(Saved data entries)
§ §

lemma star_covers_above_iff:
  assumes k: "k \<in> {1..n}" and \<pi>: "\<pi> permutes {1..n}"
  shows "star_covers n k \<pi> \<tau> \<longleftrightarrow>
    (\<exists>(a, b)\<in>ordered_pairs {1..n}. b \<in> orbit \<pi> a \<and> \<tau> = \<pi> \<circ> transpose a b)"
proof -
  have perm: "permutation \<pi>" using \<pi> by (auto simp: permutation_permutes)
  have "star_covers n k \<pi> \<tau> \<longleftrightarrow>
    (\<exists>a\<in>{1..n}. \<exists>b\<in>{1..n}. a \<noteq> b \<and> b \<in> orbit \<pi> a \<and> \<tau> = \<pi> \<circ> transpose a b)"
  proof
    assume "star_covers n k \<pi> \<tau>"
    then obtain a b where ab: "a \<in> {1..n}" "b \<in> {1..n}" "a \<noteq> b" and \<tau>: "\<tau> = \<pi> \<circ> transpose a b"
      and cyc: "num_cycles n \<tau> = num_cycles n \<pi> + 1"
      using star_covers_imp_comp_transpose[OF k] by blast
    have "b \<in> orbit \<pi> a"
      using num_cycles_comp_transpose_merge[OF \<pi> ab] cyc \<tau> by fastforce
    then show "\<exists>a\<in>{1..n}. \<exists>b\<in>{1..n}. a \<noteq> b \<and> b \<in> orbit \<pi> a \<and> \<tau> = \<pi> \<circ> transpose a b"
      using ab \<tau> by blast
  next
    assume "\<exists>a\<in>{1..n}. \<exists>b\<in>{1..n}. a \<noteq> b \<and> b \<in> orbit \<pi> a \<and> \<tau> = \<pi> \<circ> transpose a b"
    then obtain a b where ab: "a \<in> {1..n}" "b \<in> {1..n}" "a \<noteq> b" "b \<in> orbit \<pi> a"
      and \<tau>: "\<tau> = \<pi> \<circ> transpose a b" by blast
    show "star_covers n k \<pi> \<tau>"
      unfolding \<tau> using star_covers_comp_transpose[OF k \<pi> ab(1-3) num_cycles_comp_transpose_split[OF \<pi> ab]] .
  qed
  also have "\<dots> \<longleftrightarrow> (\<exists>(a, b)\<in>ordered_pairs {1..n}. b \<in> orbit \<pi> a \<and> \<tau> = \<pi> \<circ> transpose a b)"
    by (rule ex_ordered_pair_iff) (metis orbit_sym[OF perm] transpose_commute)
  finally show ?thesis .
qed

lemma star_covers_below_iff:
  assumes k: "k \<in> {1..n}" and \<pi>: "\<pi> permutes {1..n}"
  shows "star_covers n k \<sigma> \<pi> \<longleftrightarrow>
    (\<exists>(a, b)\<in>ordered_pairs {1..n}. b \<notin> orbit \<pi> a \<and> \<sigma> = \<pi> \<circ> transpose a b)"
proof -
  have perm: "permutation \<pi>" using \<pi> by (auto simp: permutation_permutes)
  have involution: "\<pi> = \<sigma> \<circ> transpose a b \<longleftrightarrow> \<sigma> = \<pi> \<circ> transpose a b" for a b
    by (auto simp: comp_assoc)
  have "star_covers n k \<sigma> \<pi> \<longleftrightarrow>
    (\<exists>a\<in>{1..n}. \<exists>b\<in>{1..n}. a \<noteq> b \<and> b \<notin> orbit \<pi> a \<and> \<sigma> = \<pi> \<circ> transpose a b)"
  proof
    assume "star_covers n k \<sigma> \<pi>"
    then obtain a b where ab: "a \<in> {1..n}" "b \<in> {1..n}" "a \<noteq> b" and \<sigma>: "\<sigma> = \<pi> \<circ> transpose a b"
      and cyc: "num_cycles n \<pi> = num_cycles n \<sigma> + 1"
      using star_covers_imp_comp_transpose[OF k] involution by blast
    have "b \<notin> orbit \<pi> a"
      using num_cycles_comp_transpose_split[OF \<pi> ab] cyc \<sigma> by fastforce
    then show "\<exists>a\<in>{1..n}. \<exists>b\<in>{1..n}. a \<noteq> b \<and> b \<notin> orbit \<pi> a \<and> \<sigma> = \<pi> \<circ> transpose a b"
      using ab \<sigma> by blast
  next
    assume "\<exists>a\<in>{1..n}. \<exists>b\<in>{1..n}. a \<noteq> b \<and> b \<notin> orbit \<pi> a \<and> \<sigma> = \<pi> \<circ> transpose a b"
    then obtain a b where ab: "a \<in> {1..n}" "b \<in> {1..n}" "a \<noteq> b" "b \<notin> orbit \<pi> a"
      and \<sigma>: "\<sigma> = \<pi> \<circ> transpose a b" by blast
    have \<sigma>_perm: "\<sigma> permutes {1..n}" unfolding \<sigma> using \<pi> ab by (intro permutes_compose permutes_swap_id)
    have "num_cycles n (\<sigma> \<circ> transpose a b) = num_cycles n \<sigma> + 1"
      using num_cycles_comp_transpose_merge[OF \<pi> ab] involution \<sigma> by metis
    from star_covers_comp_transpose[OF k \<sigma>_perm ab(1-3) this]
    show "star_covers n k \<sigma> \<pi>" using involution \<sigma> by metis
  qed
  also have "\<dots> \<longleftrightarrow> (\<exists>(a, b)\<in>ordered_pairs {1..n}. b \<notin> orbit \<pi> a \<and> \<sigma> = \<pi> \<circ> transpose a b)"
    by (rule ex_ordered_pair_iff) (metis orbit_sym[OF perm] transpose_commute)
  finally show ?thesis .
qed


section \<open>Counting covers\<close>

lemma same_cycle_ordered_pairs:
  assumes p: "p permutes {1..n}"
  shows "{(a, b) \<in> ordered_pairs {1..n}. b \<in> orbit p a} = (\<Union>C\<in>cycles_of n p. ordered_pairs C)"
proof -
  have perm: "permutation p" using p by (auto simp: permutation_permutes)
  have "(a, b) \<in> ordered_pairs (orbit p x) \<longleftrightarrow> (a, b) \<in> ordered_pairs (orbit p a) \<and> b \<in> orbit p a"
    if "x \<in> {1..n}" "a \<in> orbit p x" for a b x
    using that orbit_eq_of_mem[OF perm] permutation_self_in_orbit[OF perm]
    by (auto simp: ordered_pairs_def)
  then show ?thesis
    using permutes_orbit_subset[OF p] permutation_self_in_orbit[OF perm]
    by (fastforce simp: cycles_of_eq_orbits[OF p] ordered_pairs_def)
qed

lemma card_same_cycle_ordered_pairs:
  assumes p: "p permutes {1..n}"
  shows "card {(a, b) \<in> ordered_pairs {1..n}. b \<in> orbit p a} = (\<Sum>C\<in>cycles_of n p. card C choose 2)"
proof -
  note fin = finite_cycle[OF p]
  have "card {(a, b) \<in> ordered_pairs {1..n}. b \<in> orbit p a} = card (\<Union>C\<in>cycles_of n p. ordered_pairs C)"
    by (simp only: same_cycle_ordered_pairs[OF p])
  also have "\<dots> = (\<Sum>C\<in>cycles_of n p. card (ordered_pairs C))"
  proof (rule card_UN_disjoint)
    show "finite (cycles_of n p)" by (simp add: cycles_of_def)
    show "\<forall>C\<in>cycles_of n p. finite (ordered_pairs C)" using fin finite_ordered_pairs by blast
    show "\<forall>C\<in>cycles_of n p. \<forall>C'\<in>cycles_of n p. C \<noteq> C' \<longrightarrow> ordered_pairs C \<inter> ordered_pairs C' = {}"
      using cycles_of_disjoint[OF p] by (fastforce simp: ordered_pairs_def)
  qed
  also have "\<dots> = (\<Sum>C\<in>cycles_of n p. card C choose 2)"
    using fin by (intro sum.cong refl card_ordered_pairs)
  finally show ?thesis .
qed

lemma card_star_covers_above:
  assumes k: "k \<in> {1..n}" and \<pi>: "\<pi> permutes {1..n}"
  shows "card {\<tau>. star_covers n k \<pi> \<tau>} = (\<Sum>C\<in>cycles_of n \<pi>. card C choose 2)"
proof -
  define f where "f = (\<lambda>(a, b). \<pi> \<circ> transpose a b)"
  define SP where "SP = {(a, b) \<in> ordered_pairs {1..n}. b \<in> orbit \<pi> a}"
  have "{\<tau>. star_covers n k \<pi> \<tau>} = f ` SP"
    unfolding star_covers_above_iff[OF k \<pi>] f_def SP_def by fast
  moreover have "inj_on f SP"
    unfolding f_def using inj_on_comp_transpose_ordered_pairs[OF permutes_inj[OF \<pi>]]
    by (rule inj_on_subset) (auto simp: SP_def)
  ultimately show ?thesis
    using card_same_cycle_ordered_pairs[OF \<pi>] by (simp add: card_image SP_def)
qed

§ §

» **Work order**:
Write out exactly the lines above from the line with "by (simp only: same_cycle_ordered_pairs[OF" through the line with "using fin by", both of them included, and leave out all other lines.

» **Answer space**:
    by (simp only: same_cycle_ordered_pairs[OF p])
  also have "\<dots> = (\<Sum>C\<in>cycles_of n p. card (ordered_pairs C))"
  proof (rule card_UN_disjoint)
    show "finite (cycles_of n p)" by (simp add: cycles_of_def)
    show "\<forall>C\<in>cycles_of n p. finite (ordered_pairs C)" using fin finite_ordered_pairs by blast
    show "\<forall>C\<in>cycles_of n p. \<forall>C'\<in>cycles_of n p. C \<noteq> C' \<longrightarrow> ordered_pairs C \<inter> ordered_pairs C' = {}"
      using cycles_of_disjoint[OF p] by (fastforce simp: ordered_pairs_def)
  qed
  also have "\<dots> = (\<Sum>C\<in>cycles_of n p. card C choose 2)"
    using fin by (intro sum.cong refl card_ordered_pairs)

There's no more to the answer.